BEGIN

lemma powr_ceiling_log_bounds:
  fixes b y :: real
  assumes "1 < b" "0 < y"
  shows "y \<le> b powr real_of_int \<lceil>log b y\<rceil>" and "b powr real_of_int \<lceil>log b y\<rceil> < b * y"
proof -
  have "y = b powr log b y"
    using assms by simp
  also have "\<dots> \<le> b powr real_of_int \<lceil>log b y\<rceil>"
    using assms by (intro powr_mono) auto
  finally show "y \<le> b powr real_of_int \<lceil>log b y\<rceil>" .
  have "b powr real_of_int \<lceil>log b y\<rceil> < b powr (log b y + 1)"
    using assms by (intro powr_less_mono) linarith+
  also have "\<dots> = b * y"
    using assms by (simp add: powr_add)
  finally show "b powr real_of_int \<lceil>log b y\<rceil> < b * y" .
qed

lemma (in prob_space) prob_ceiling_log_tail_bounds:
  fixes X Y :: "'a \<Rightarrow> real" and \<rho> :: real
  assumes "1 < \<rho>" and [measurable]: "X \<in> borel_measurable M" "Y \<in> borel_measurable M"
    and pos: "AE \<omega> in M. 0 < Y \<omega>"
  shows "\<P>(\<omega> in M. \<rho> * Y \<omega> < X \<omega>) \<le> \<P>(\<omega> in M. \<rho> powr real_of_int \<lceil>log \<rho> (Y \<omega>)\<rceil> < X \<omega>)"
    and "\<P>(\<omega> in M. \<rho> powr real_of_int \<lceil>log \<rho> (Y \<omega>)\<rceil> < X \<omega>) \<le> \<P>(\<omega> in M. Y \<omega> < X \<omega>)"
proof -
  have "AE \<omega> in M. \<rho> * Y \<omega> < X \<omega> \<longrightarrow> \<rho> powr real_of_int \<lceil>log \<rho> (Y \<omega>)\<rceil> < X \<omega>"
    using pos by eventually_elim (use powr_ceiling_log_bounds(2) assms(1) in fastforce)
  then show "\<P>(\<omega> in M. \<rho> * Y \<omega> < X \<omega>) \<le> \<P>(\<omega> in M. \<rho> powr real_of_int \<lceil>log \<rho> (Y \<omega>)\<rceil> < X \<omega>)"
    by (intro finite_measure_mono_AE) (auto elim!: eventually_mono)
  have "AE \<omega> in M. \<rho> powr real_of_int \<lceil>log \<rho> (Y \<omega>)\<rceil> < X \<omega> \<longrightarrow> Y \<omega> < X \<omega>"
    using pos by eventually_elim (use powr_ceiling_log_bounds(1) assms(1) in fastforce)
  then show "\<P>(\<omega> in M. \<rho> powr real_of_int \<lceil>log \<rho> (Y \<omega>)\<rceil> < X \<omega>) \<le> \<P>(\<omega> in M. Y \<omega> < X \<omega>)"
    by (intro finite_measure_mono_AE) (auto elim!: eventually_mono)
qed

lemma (in prob_space) prob_ceiling_log_last_bound:
  fixes X Y :: "'a \<Rightarrow> real" and \<rho> :: real
  assumes "1 < \<rho>" and [measurable]: "X \<in> borel_measurable M" "Y \<in> borel_measurable M"
    and pos: "AE \<omega> in M. 0 < Y \<omega>"
  shows "\<P>(\<omega> in M. \<rho> powr (real_of_int \<lceil>log \<rho> (Y \<omega>)\<rceil> - 1) < X \<omega> \<and> X \<omega> \<le> \<rho> powr real_of_int \<lceil>log \<rho> (Y \<omega>)\<rceil>)
    \<le> \<P>(\<omega> in M. Y \<omega> / \<rho> < X \<omega>) - \<P>(\<omega> in M. \<rho> * Y \<omega> < X \<omega>)"
proof -
  define k where "k \<omega> = real_of_int \<lceil>log \<rho> (Y \<omega>)\<rceil>" for \<omega>
  have [measurable]: "k \<in> borel_measurable M"
    unfolding k_def by measurable
  have "\<rho> powr (k \<omega> - 1) < \<rho> powr k \<omega>" for \<omega>
    using assms by simp
  then have "{\<omega> \<in> space M. \<rho> powr k \<omega> < X \<omega>} \<subseteq> {\<omega> \<in> space M. \<rho> powr (k \<omega> - 1) < X \<omega>}"
    by (auto intro: less_trans)
  then have "\<P>(\<omega> in M. \<rho> powr (k \<omega> - 1) < X \<omega> \<and> X \<omega> \<le> \<rho> powr k \<omega>)
      = \<P>(\<omega> in M. \<rho> powr (k \<omega> - 1) < X \<omega>) - \<P>(\<omega> in M. \<rho> powr k \<omega> < X \<omega>)"
    by (subst finite_measure_Diff[symmetric]) (auto intro!: arg_cong[where f=prob])
  also have "\<dots> \<le> \<P>(\<omega> in M. Y \<omega> / \<rho> < X \<omega>) - \<P>(\<omega> in M. \<rho> * Y \<omega> < X \<omega>)"
  proof -
    have "AE \<omega> in M. \<rho> powr (k \<omega> - 1) < X \<omega> \<longrightarrow> Y \<omega> / \<rho> < X \<omega>"
    proof (rule eventually_mono[OF pos], intro impI)
      fix \<omega> assume "0 < Y \<omega>" "\<rho> powr (k \<omega> - 1) < X \<omega>"
      moreover have "Y \<omega> / \<rho> \<le> \<rho> powr k \<omega> / \<rho>"
        using powr_ceiling_log_bounds(1)[OF assms(1) \<open>0 < Y \<omega>\<close>] assms(1) by (simp add: k_def divide_right_mono)
      ultimately show "Y \<omega> / \<rho> < X \<omega>"
        using assms(1) by (simp add: powr_diff)
    qed
    then have "\<P>(\<omega> in M. \<rho> powr (k \<omega> - 1) < X \<omega>) \<le> \<P>(\<omega> in M. Y \<omega> / \<rho> < X \<omega>)"
      by (intro finite_measure_mono_AE) (auto elim!: eventually_mono)
    then show ?thesis
      using prob_ceiling_log_tail_bounds(1)[OF assms] by (simp add: k_def)
  qed
  finally show ?thesis
    by (simp only: k_def)
qed

theorem theorem4:
  fixes M :: "'a measure" and X :: "'a \<Rightarrow> real" and Xs :: "nat \<Rightarrow> 'a \<Rightarrow> real"
    and l \<rho> :: real and n :: nat
  assumes "prob_space M"
    and "l > 0" and "\<rho> > 1" and "n \<ge> 1"
    and "distributed M lborel X (exponential_density l)"
    and "\<And>i. i \<in> {1..n} \<Longrightarrow> distributed M lborel (Xs i) (exponential_density l)"
    and "prob_space.indep_vars M (\<lambda>_. borel) (\<lambda>i. if i = 0 then X else Xs i) {0..n}"
  shows "(let J = (\<lambda>\<omega>. log \<rho> (Max ((\<lambda>i. Xs i \<omega>) ` {1..n})));
              p_last = measure M {\<omega> \<in> space M.
                 \<rho> powr (real_of_int \<lceil>J \<omega>\<rceil> - 1) < X \<omega> \<and> X \<omega> \<le> \<rho> powr (real_of_int \<lceil>J \<omega>\<rceil>)};
              p_tail = measure M {\<omega> \<in> space M. X \<omega> > \<rho> powr (real_of_int \<lceil>J \<omega>\<rceil>)}
          in p_last \<le> real n * Beta (1 + 1 / \<rho>) (real n) - real n * Beta (1 + \<rho>) (real n)
           \<and> real n * Beta (1 + \<rho>) (real n) \<le> p_tail
           \<and> p_tail \<le> 1 / (real n + 1))
     \<and> (\<lambda>m::nat. real m * Beta (1 + 1 / \<rho>) (real m) - real m * Beta (1 + \<rho>) (real m))
         \<sim>[at_top] (\<lambda>m. Gamma (1 + 1 / \<rho>) / real m powr (1 / \<rho>) - Gamma (1 + \<rho>) / real m powr \<rho>)
     \<and> (\<lambda>m::nat. Gamma (1 + \<rho>) / real m powr \<rho>) \<sim>[at_top] (\<lambda>m. real m * Beta (1 + \<rho>) (real m))
     \<and> (\<lambda>m::nat. 1 / (real m + 1)) \<sim>[at_top] (\<lambda>m. 1 / real m)"
proof -
  interpret prob_space M
    by (rule assms(1))
  define Y where "Y \<omega> = Max ((\<lambda>i. Xs i \<omega>) ` {1..n})" for \<omega>
  have [measurable]: "Xs i \<in> borel_measurable M" if "i \<in> {1..n}" for i
    using assms(6)[OF that] by (simp add: distributed_def)
  have X_meas[measurable]: "X \<in> borel_measurable M" and Y_meas[measurable]: "Y \<in> borel_measurable M"
    using assms(5) unfolding Y_def by (auto simp: distributed_def intro!: borel_measurable_Max)
  have "AE \<omega> in M. 0 < Xs 1 \<omega>"
    using assms(2,4) by (intro AE_exponential_distributed_pos[OF assms(6)]) auto
  then have "AE \<omega> in M. 0 < Y \<omega>"
    by eventually_elim (use assms(4) in \<open>auto simp: Y_def Max_gr_iff\<close>)
  note bounds = prob_ceiling_log_tail_bounds[OF assms(3) X_meas Y_meas this]
    prob_ceiling_log_last_bound[OF assms(3) X_meas Y_meas this]
  have P: "\<P>(\<omega> in M. c * Y \<omega> < X \<omega>) = real n * Beta (1 + c) (real n)" if "0 < c" for c
    unfolding Y_def using assms that by (intro prob_scaled_Max_less_exponential) auto
  have "\<P>(\<omega> in M. Y \<omega> < X \<omega>) = 1 / (real n + 1)" "\<P>(\<omega> in M. Y \<omega> / \<rho> < X \<omega>) = real n * Beta (1 + 1 / \<rho>) (real n)"
    using P[of 1] P[of "1 / \<rho>"] mult_Beta_2_left[of "real n"] assms(3,4) by (simp_all add: one_add_one)
  then have "\<P>(\<omega> in M. \<rho> powr (real_of_int \<lceil>log \<rho> (Y \<omega>)\<rceil> - 1) < X \<omega> \<and> X \<omega> \<le> \<rho> powr real_of_int \<lceil>log \<rho> (Y \<omega>)\<rceil>)
        \<le> real n * Beta (1 + 1 / \<rho>) (real n) - real n * Beta (1 + \<rho>) (real n)
      \<and> real n * Beta (1 + \<rho>) (real n) \<le> \<P>(\<omega> in M. \<rho> powr real_of_int \<lceil>log \<rho> (Y \<omega>)\<rceil> < X \<omega>)
      \<and> \<P>(\<omega> in M. \<rho> powr real_of_int \<lceil>log \<rho> (Y \<omega>)\<rceil> < X \<omega>) \<le> 1 / (real n + 1)"
    using bounds P[of \<rho>] assms(3) by simp
  moreover have "(\<lambda>m::nat. 1 / (real m + 1)) \<sim>[at_top] (\<lambda>m. 1 / real m)"
    by real_asymp
  ultimately show ?thesis
    using Beta_bounds_asymp_equiv[OF assms(3)] unfolding Let_def Y_def by simp
qed

end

END

*EXERCISE DETAILS*. Set down only the lines above that fall between the line holding "k \<omega> /" and the line holding "M lborel (Xs", inclusive, keeping each exact.

*TASK RESULT*.
      moreover have "Y \<omega> / \<rho> \<le> \<rho> powr k \<omega> / \<rho>"
        using powr_ceiling_log_bounds(1)[OF assms(1) \<open>0 < Y \<omega>\<close>] assms(1) by (simp add: k_def divide_right_mono)
      ultimately show "Y \<omega> / \<rho> < X \<omega>"
        using assms(1) by (simp add: powr_diff)
    qed
    then have "\<P>(\<omega> in M. \<rho> powr (k \<omega> - 1) < X \<omega>) \<le> \<P>(\<omega> in M. Y \<omega> / \<rho> < X \<omega>)"
      by (intro finite_measure_mono_AE) (auto elim!: eventually_mono)
    then show ?thesis
      using prob_ceiling_log_tail_bounds(1)[OF assms] by (simp add: k_def)
  qed
  finally show ?thesis
    by (simp only: k_def)
qed

theorem theorem4:
  fixes M :: "'a measure" and X :: "'a \<Rightarrow> real" and Xs :: "nat \<Rightarrow> 'a \<Rightarrow> real"
    and l \<rho> :: real and n :: nat
  assumes "prob_space M"
    and "l > 0" and "\<rho> > 1" and "n \<ge> 1"
    and "distributed M lborel X (exponential_density l)"
    and "\<And>i. i \<in> {1..n} \<Longrightarrow> distributed M lborel (Xs i) (exponential_density l)"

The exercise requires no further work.